TASK TO CARRY OUT —
Of all the lines in these entries, count those that contain "Conj" and give only the total.

Records from a collection —
(* Let $\mathcal M$ be an $\aleph_1$-saturated structure. Then $\mathcal M$ is unstable if and only if $\mathcal M$ trace defines $(\mathbb Q,<)$, and $\mathcal M$ has the independence property (IP, i.e. is not NIP) if and only if $\mathcal M$ trace defines the random graph.
   Context: The random graph is the Fraïssé limit of the class of finite symmetric irreflexive graphs, viewed as a structure $(V,E)$ with one binary relation. "Definable" means definable with parameters. For structures $\mathcal M,\mathcal O$ and an injection $\tau:O\to M^m$, $\mathcal M$ trace defines $\mathcal O$ via $\tau$ if for every $n$ and every $\mathcal O$-definable $X\subseteq O^n$ there is an $\mathcal M$-definable $Y\subseteq M^{mn}$ with $X=\{(a_1,\dots,a_n)\in O^n:(\tau(a_1),\dots,\tau(a_n))\in Y\}$; $\mathcal M$ trace defines $\mathcal O$ if it does so via some injection $\tau:O\to M^m$ for some $m$. *)

theory Defs
  imports Main "HOL-Library.Countable_Set"
begin

datatype 'f trm = Var nat | Fn 'f "'f trm list"

datatype ('f, 'r) fm =
    FF
  | Eq "'f trm" "'f trm"
  | Rel 'r "'f trm list"
  | Neg "('f, 'r) fm"
  | Conj "('f, 'r) fm" "('f, 'r) fm"
  | Ex nat "('f, 'r) fm"

text \<open>A structure with universe the whole type 'a, a signature given by sets of
  function and relation symbols with arities, and their interpretations.\<close>
record ('a, 'f, 'r) struc =
  fsyms   :: "'f set"
  farity  :: "'f \<Rightarrow> nat"
  finterp :: "'f \<Rightarrow> 'a list \<Rightarrow> 'a"
  rsyms   :: "'r set"
  rarity  :: "'r \<Rightarrow> nat"
  rinterp :: "'r \<Rightarrow> 'a list \<Rightarrow> bool"

fun wf_trm :: "('a, 'f, 'r, 'z) struc_scheme \<Rightarrow> 'f trm \<Rightarrow> bool" where
  "wf_trm S (Var n) = True"
| "wf_trm S (Fn f ts) =
     (f \<in> fsyms S \<and> length ts = farity S f \<and> (\<forall>t\<in>set ts. wf_trm S t))"

fun eval_trm :: "('a, 'f, 'r, 'z) struc_scheme \<Rightarrow> (nat \<Rightarrow> 'a) \<Rightarrow> 'f trm \<Rightarrow> 'a" where
  "eval_trm S v (Var n) = v n"
| "eval_trm S v (Fn f ts) = finterp S f (map (eval_trm S v) ts)"

fun fv_trm :: "'f trm \<Rightarrow> nat set" where
  "fv_trm (Var n) = {n}"
| "fv_trm (Fn f ts) = (\<Union>t\<in>set ts. fv_trm t)"

fun wf_fm :: "('a, 'f, 'r, 'z) struc_scheme \<Rightarrow> ('f, 'r) fm \<Rightarrow> bool" where
  "wf_fm S FF = True"
| "wf_fm S (Eq t u) = (wf_trm S t \<and> wf_trm S u)"
| "wf_fm S (Rel r ts) =
     (r \<in> rsyms S \<and> length ts = rarity S r \<and> (\<forall>t\<in>set ts. wf_trm S t))"
| "wf_fm S (Neg \<phi>) = wf_fm S \<phi>"
| "wf_fm S (Conj \<phi> \<psi>) = (wf_fm S \<phi> \<and> wf_fm S \<psi>)"
| "wf_fm S (Ex x \<phi>) = wf_fm S \<phi>"

fun fv :: "('f, 'r) fm \<Rightarrow> nat set" where
  "fv FF = {}"
| "fv (Eq t u) = fv_trm t \<union> fv_trm u"
| "fv (Rel r ts) = (\<Union>t\<in>set ts. fv_trm t)"
| "fv (Neg \<phi>) = fv \<phi>"
| "fv (Conj \<phi> \<psi>) = fv \<phi> \<union> fv \<psi>"
| "fv (Ex x \<phi>) = fv \<phi> - {x}"

fun sat :: "('a, 'f, 'r, 'z) struc_scheme \<Rightarrow> (nat \<Rightarrow> 'a) \<Rightarrow> ('f, 'r) fm \<Rightarrow> bool" where
  "sat S v FF = False"
| "sat S v (Eq t u) = (eval_trm S v t = eval_trm S v u)"
| "sat S v (Rel r ts) = rinterp S r (map (eval_trm S v) ts)"
| "sat S v (Neg \<phi>) = (\<not> sat S v \<phi>)"
| "sat S v (Conj \<phi> \<psi>) = (sat S v \<phi> \<and> sat S v \<psi>)"
| "sat S v (Ex x \<phi>) = (\<exists>a. sat S (v(x := a)) \<phi>)"

definition asg :: "'a list \<Rightarrow> (nat \<Rightarrow> 'a) \<Rightarrow> nat \<Rightarrow> 'a" where
  "asg xs v = (\<lambda>i. if i < length xs then xs ! i else v i)"

text \<open>X \<subseteq> M^n (n-tuples as lists of length n) is definable with parameters:
  there is a formula \<phi>(x_0..x_{n-1}, y...) and parameters v for the remaining variables.\<close>
definition definable :: "('a, 'f, 'r, 'z) struc_scheme \<Rightarrow> nat \<Rightarrow> 'a list set \<Rightarrow> bool" where
  "definable S n X \<longleftrightarrow>
     (\<exists>\<phi> v. wf_fm S \<phi> \<and> X = {xs. length xs = n \<and> sat S (asg xs v) \<phi>})"

definition trace_defines_via ::
  "('a, 'f, 'r, 'z) struc_scheme \<Rightarrow> ('b, 'g, 's, 'y) struc_scheme \<Rightarrow> nat \<Rightarrow> ('b \<Rightarrow> 'a list) \<Rightarrow> bool" where
  "trace_defines_via M Ost m \<tau> \<longleftrightarrow>
     inj \<tau> \<and> (\<forall>b. length (\<tau> b) = m) \<and>
     (\<forall>n X. definable Ost n X \<longrightarrow>
        (\<exists>Y. definable M (m * n) Y \<and>
             X = {bs. length bs = n \<and> concat (map \<tau> bs) \<in> Y}))"

definition trace_defines ::
  "('a, 'f, 'r, 'z) struc_scheme \<Rightarrow> ('b, 'g, 's, 'y) struc_scheme \<Rightarrow> bool" where
  "trace_defines M Ost \<longleftrightarrow> (\<exists>m \<tau>. trace_defines_via M Ost m \<tau>)"

definition stable :: "('a, 'f, 'r, 'z) struc_scheme \<Rightarrow> bool" where
  "stable M \<longleftrightarrow> \<not> (\<exists>\<phi> p q. wf_fm M \<phi> \<and> fv \<phi> \<subseteq> {..<p+q} \<and>
      (\<forall>N. \<exists>(a :: nat \<Rightarrow> 'a list) (b :: nat \<Rightarrow> 'a list).
          (\<forall>i. length (a i) = p \<and> length (b i) = q) \<and>
          (\<forall>i<N. \<forall>j<N. sat M (asg (a i @ b j) (\<lambda>_. undefined)) \<phi> \<longleftrightarrow> i < j)))"

definition has_IP :: "('a, 'f, 'r, 'z) struc_scheme \<Rightarrow> bool" where
  "has_IP M \<longleftrightarrow> (\<exists>\<phi> p q. wf_fm M \<phi> \<and> fv \<phi> \<subseteq> {..<p+q} \<and>
      (\<forall>N. \<exists>(a :: nat \<Rightarrow> 'a list) (b :: nat set \<Rightarrow> 'a list).
          (\<forall>i. length (a i) = p) \<and> (\<forall>S. length (b S) = q) \<and>
          (\<forall>i<N. \<forall>S. S \<subseteq> {..<N} \<longrightarrow>
               (sat M (asg (a i @ b S) (\<lambda>_. undefined)) \<phi> \<longleftrightarrow> i \<in> S))))"

definition aleph1_saturated :: "('a, 'f, 'r, 'z) struc_scheme \<Rightarrow> bool" where
  "aleph1_saturated M \<longleftrightarrow>
     (\<forall>(A :: 'a set) (\<Phi> :: (('f, 'r) fm \<times> (nat \<Rightarrow> 'a)) set).
        countable A \<longrightarrow>
        (\<forall>(\<phi>, w) \<in> \<Phi>. wf_fm M \<phi> \<and> (\<forall>i. i \<noteq> 0 \<longrightarrow> w i \<in> A)) \<longrightarrow>
        (\<forall>F. F \<subseteq> \<Phi> \<longrightarrow> finite F \<longrightarrow> (\<exists>c. \<forall>(\<phi>, w) \<in> F. sat M (w(0 := c)) \<phi>)) \<longrightarrow>
        (\<exists>c. \<forall>(\<phi>, w) \<in> \<Phi>. sat M (w(0 := c)) \<phi>))"

definition rat_order :: "(rat, unit, unit) struc" where
  "rat_order = \<lparr> fsyms = {}, farity = (\<lambda>_. 0), finterp = (\<lambda>_ _. 0),
                 rsyms = {()}, rarity = (\<lambda>_. 2), rinterp = (\<lambda>_ xs. xs ! 0 < xs ! 1) \<rparr>"

definition graph_struc :: "(nat \<Rightarrow> nat \<Rightarrow> bool) \<Rightarrow> (nat, unit, unit) struc" where
  "graph_struc E = \<lparr> fsyms = {}, farity = (\<lambda>_. 0), finterp = (\<lambda>_ _. 0),
                     rsyms = {()}, rarity = (\<lambda>_. 2), rinterp = (\<lambda>_ xs. E (xs ! 0) (xs ! 1)) \<rparr>"

text \<open>E is (a copy on the countable set nat of) the Fraisse limit of the class of finite
  symmetric irreflexive graphs: a countable symmetric irreflexive graph whose age
  contains every finite such graph, and which is ultrahomogeneous.\<close>
definition is_random_graph :: "(nat \<Rightarrow> nat \<Rightarrow> bool) \<Rightarrow> bool" where
  "is_random_graph E \<longleftrightarrow>
     (\<forall>x y. E x y \<longrightarrow> E y x) \<and> (\<forall>x. \<not> E x x) \<and>
     (\<forall>(S :: nat set) G. finite S \<longrightarrow>
        (\<forall>x\<in>S. \<forall>y\<in>S. G x y \<longrightarrow> G y x) \<longrightarrow> (\<forall>x\<in>S. \<not> G x x) \<longrightarrow>
        (\<exists>f. inj_on f S \<and> (\<forall>x\<in>S. \<forall>y\<in>S. G x y \<longleftrightarrow> E (f x) (f y)))) \<and>
     (\<forall>A f. finite A \<longrightarrow> inj_on f A \<longrightarrow> (\<forall>x\<in>A. \<forall>y\<in>A. E x y \<longleftrightarrow> E (f x) (f y)) \<longrightarrow>
        (\<exists>g. bij g \<and> (\<forall>x y. E x y \<longleftrightarrow> E (g x) (g y)) \<and> (\<forall>x\<in>A. g x = f x)))"

end

theory Submission
  imports Defs
begin

text \<open>If a formula \<open>\<phi>(x; y)\<close> has the order property
  (the independence property), \<open>\<aleph>\<^sub>1\<close>-saturation turns its finite configurations into
  tuples \<open>a\<^sub>u, b\<^sub>v\<close> indexed by \<open>\<rat>\<close> (by Rado's graph) with \<open>\<phi>(a\<^sub>u, b\<^sub>v)\<close> iff
  \<open>u < v\<close> (iff \<open>u\<close> and \<open>v\<close> are adjacent). Then \<open>u \<mapsto> a\<^sub>u b\<^sub>u\<close> is a trace embedding:
  both targets are ultrahomogeneous binary structures, so a set definable with parameters
  is a finite union of quantifier-free types over the parameters, and each such type is
  defined in \<open>M\<close> by a Boolean combination of instances of \<open>\<phi>\<close> and equations.
  Conversely, a trace embedding pulls the order, or the edge relation together with the
  extension property of the random graph, back to a formula with the order or independence
  property.\<close>

section \<open>Syntax of formulas\<close>

lemma eval_trm_cong:
  "(\<And>i. i \<in> fv_trm t \<Longrightarrow> v i = w i) \<Longrightarrow> eval_trm S v t = eval_trm S w t"
proof (induction t)
  case (Fn g ts)
  have "map (eval_trm S v) ts = map (eval_trm S w) ts"
  proof (rule map_cong)
    fix x assume x: "x \<in> set ts"
    show "eval_trm S v x = eval_trm S w x"
      by (rule Fn.IH[OF x]) (use Fn.prems x in force)
  qed simp
  then show ?case by (simp only: eval_trm.simps)
qed simp

lemma sat_cong: "(\<And>i. i \<in> fv \<phi> \<Longrightarrow> v i = w i) \<Longrightarrow> sat S v \<phi> = sat S w \<phi>"
proof (induction \<phi> arbitrary: v w)
  case (Eq t u)
  then show ?case using eval_trm_cong[of t v w S] eval_trm_cong[of u v w S] by auto
next
  case (Rel r ts)
  have "map (eval_trm S v) ts = map (eval_trm S w) ts"
  proof (rule map_cong)
    fix x assume x: "x \<in> set ts"
    show "eval_trm S v x = eval_trm S w x"
      by (rule eval_trm_cong) (use Rel.prems x in force)
  qed simp
  then show ?case by (simp only: sat.simps)
next
  case (Ex x \<phi>)
  have "sat S (v(x := a)) \<phi> = sat S (w(x := a)) \<phi>" for a
    by (rule Ex.IH) (use Ex.prems in auto)
  then show ?case by simp
next
  case (Neg \<phi>)
  have "sat S v \<phi> = sat S w \<phi>" by (rule Neg.IH) (use Neg.prems in auto)
  then show ?case by simp
next
  case (Conj \<phi> \<psi>)
  have "sat S v \<phi> = sat S w \<phi>" by (rule Conj.IH(1)) (use Conj.prems in auto)
  moreover have "sat S v \<psi> = sat S w \<psi>" by (rule Conj.IH(2)) (use Conj.prems in auto)
  ultimately show ?case by simp
qed simp_all

lemma finite_fv: "finite (fv \<phi>)"
proof -
  have "finite (fv_trm t)" for t :: "'f trm"
    by (induction t) auto
  then show ?thesis by (induction \<phi>) auto
qed

lemma fv_bounded_obtain:
  obtains B where "fv \<phi> \<subseteq> {..<n + B}"
proof -
  obtain B where "\<forall>i\<in>fv \<phi>. i < B"
    using finite_nat_bounded[OF finite_fv] by (auto simp: subset_eq)
  then show ?thesis by (intro that[of B]) auto
qed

FINISHED EXERCISE —
7